No changes needed. The allowed client-writable fields remain paragraphImages, paragraphAudioUrls, paragraphAudioErrors. The field names don't change, only the array length differs.


Tests

[MODIFY] tts-utils.test.ts

  • Existing tests remain untouched (they test splitIntoParagraphs which is unchanged).

[NEW] segment-utils.test.ts

New test file covering:

  • Paragraph mode returns same results as splitIntoParagraphs.
  • Sentence mode correctly splits multi-sentence paragraphs.
  • Code blocks, list items, headings are kept atomic in sentence mode.
  • Abbreviations like "Dr.", "U.S.A.", "e.g." don't cause false splits (validates Intl.Segmenter behavior).
  • Empty content, single-sentence paragraphs, mixed content.
  • segmentIndex is contiguous across paragraph boundaries.

Open Questions

Important

Locale for Intl.Segmenter: The app supports multiple languages.

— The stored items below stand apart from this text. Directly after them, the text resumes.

lemma minuscule_add_fund_weight:
  assumes "valid_type t n" and "minuscule t n lam w"
    and "set ws \<subseteq> {1..n}" and "word_act t n ws = w" and "i \<notin> set ws"
  shows "minuscule t n (\<lambda>k. lam k + fund_weight i k) w"
proof -
  obtain vs where vs: "reduced_expr t n w vs" and "minuscule_word t n lam vs"
    using assms(2) by (auto simp: minuscule_def minuscule_word_def)
  then have "set vs \<subseteq> set ws"
    using assms(1,3,4) by (intro minuscule_word_letters_subset) (auto simp: reduced_expr_def)
  then have "minuscule_word t n (\<lambda>k. lam k + fund_weight i k) vs"
    using \<open>i \<notin> set ws\<close> \<open>minuscule_word t n lam vs\<close> by (blast intro: minuscule_word_add_fund_weight)
  with vs show ?thesis by (auto simp: minuscule_def minuscule_word_def)
qed

lemma one_le_card_positions_iff:
  "1 \<le> card {p. p < length ws \<and> ws ! p = i} \<longleftrightarrow> i \<in> set ws"
proof -
  have "finite {p. p < length ws \<and> ws ! p = i}" by simp
  then show ?thesis by (auto simp: Suc_le_eq card_gt_0_iff in_set_conv_nth)
qed

theorem proposition4p2:
  fixes t :: ctype and n :: nat and w :: "(nat \<Rightarrow> int) \<Rightarrow> (nat \<Rightarrow> int)" and ws :: "nat list"
  assumes "valid_type t n"
    and "w \<in> weyl_group t n"
    and "strong_minuscule t n w"
    and "reduced_expr t n w ws"
  shows "\<forall>i\<in>{1..n}. card {p. p < length ws \<and> ws ! p = i} \<ge> 1"
proof
  fix i assume i: "i \<in> {1..n}"
  obtain lam where lam: "dominant n lam" "minuscule t n lam w"
    and unique: "\<And>lam'. dominant n lam' \<Longrightarrow> minuscule t n lam' w \<Longrightarrow> lam' = lam"
    using assms(3) by (auto simp: strong_minuscule_def)
  have "i \<in> set ws"
  proof (rule ccontr)
    assume "i \<notin> set ws"
    then have "minuscule t n (\<lambda>k. lam k + fund_weight i k) w"
      using assms(1,4) lam(2) by (intro minuscule_add_fund_weight) (auto simp: reduced_expr_def)
    with lam(1) i have "(\<lambda>k. lam k + fund_weight i k) = lam"
      by (intro unique dominant_add_fund_weight)
    from this[THEN fun_cong, of i] show False by (simp add: fund_weight_def)
  qed
  then show "card {p. p < length ws \<and> ws ! p = i} \<ge> 1"
    by (rule one_le_card_positions_iff[THEN iffD2])
qed

end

Should I use the conversation's configured language for Intl.Segmenter instead of hardcoding 'en'? For example, new Intl.Segmenter(conversationData.language || 'en', { granularity: 'sentence' }). This would improve sentence splitting accuracy for non-English conversations. The downside is that the segmentation utility would need access to the language setting. I'd recommend yes — pass the language through.

Important

Image prompt template: The current default prompt system message says "based on this paragraph: {paragraph}". In sentence mode, should we:

  • A) Keep {paragraph} as the placeholder name (it just receives sentence text instead) — simplest, but confusing to users.
  • B) Add a {text} alias that always works — cleaner.
  • C) Change the default to say "based on this text: {text}" — cleanest but changes the default for existing users.

I'd recommend (B): support both {paragraph} and {text}, change the default template to use {text}.


Verification Plan

Automated Tests

  • npm test -- segment-utils.test.ts — new segmentation tests.
  • npm test -- tts-utils.test.ts — confirm existing tests still pass.
  • npm run build — confirm no TypeScript errors.

Browser Testing

  1. Paragraph mode (regression): Start a session with image gen enabled, default paragraph cadence. Verify images generate per paragraph, TTS syncs with images, gallery works. Same as current behavior.
  2. Sentence mode: Start a session with sentence cadence. Verify:
    • Images generate per sentence (more images per message).
    • Browser TTS speaks one sentence at a time, gated on each sentence's image.
    • LocalAI TTS plays one sentence audio clip at a time, gated on images.
    • Auto-scroll scrolls to each sentence as it's spoken.
    • Gallery shows all sentence images and navigates correctly.
    • Fullscreen image syncs to the currently playing sentence.
  3. Mixed content: Send a message with code blocks, lists, and normal prose in sentence mode. Verify code blocks and lists aren't split into sentences.
  4. History viewer: Load a sentence-mode conversation from history. Verify images render correctly and TTS auto-scroll works.
  5. Backward compat: Load an existing paragraph-mode conversation from history. Verify everything still works.
  6. Preset save/load: Save a preset with sentence mode enabled, reload it, confirm the setting persists.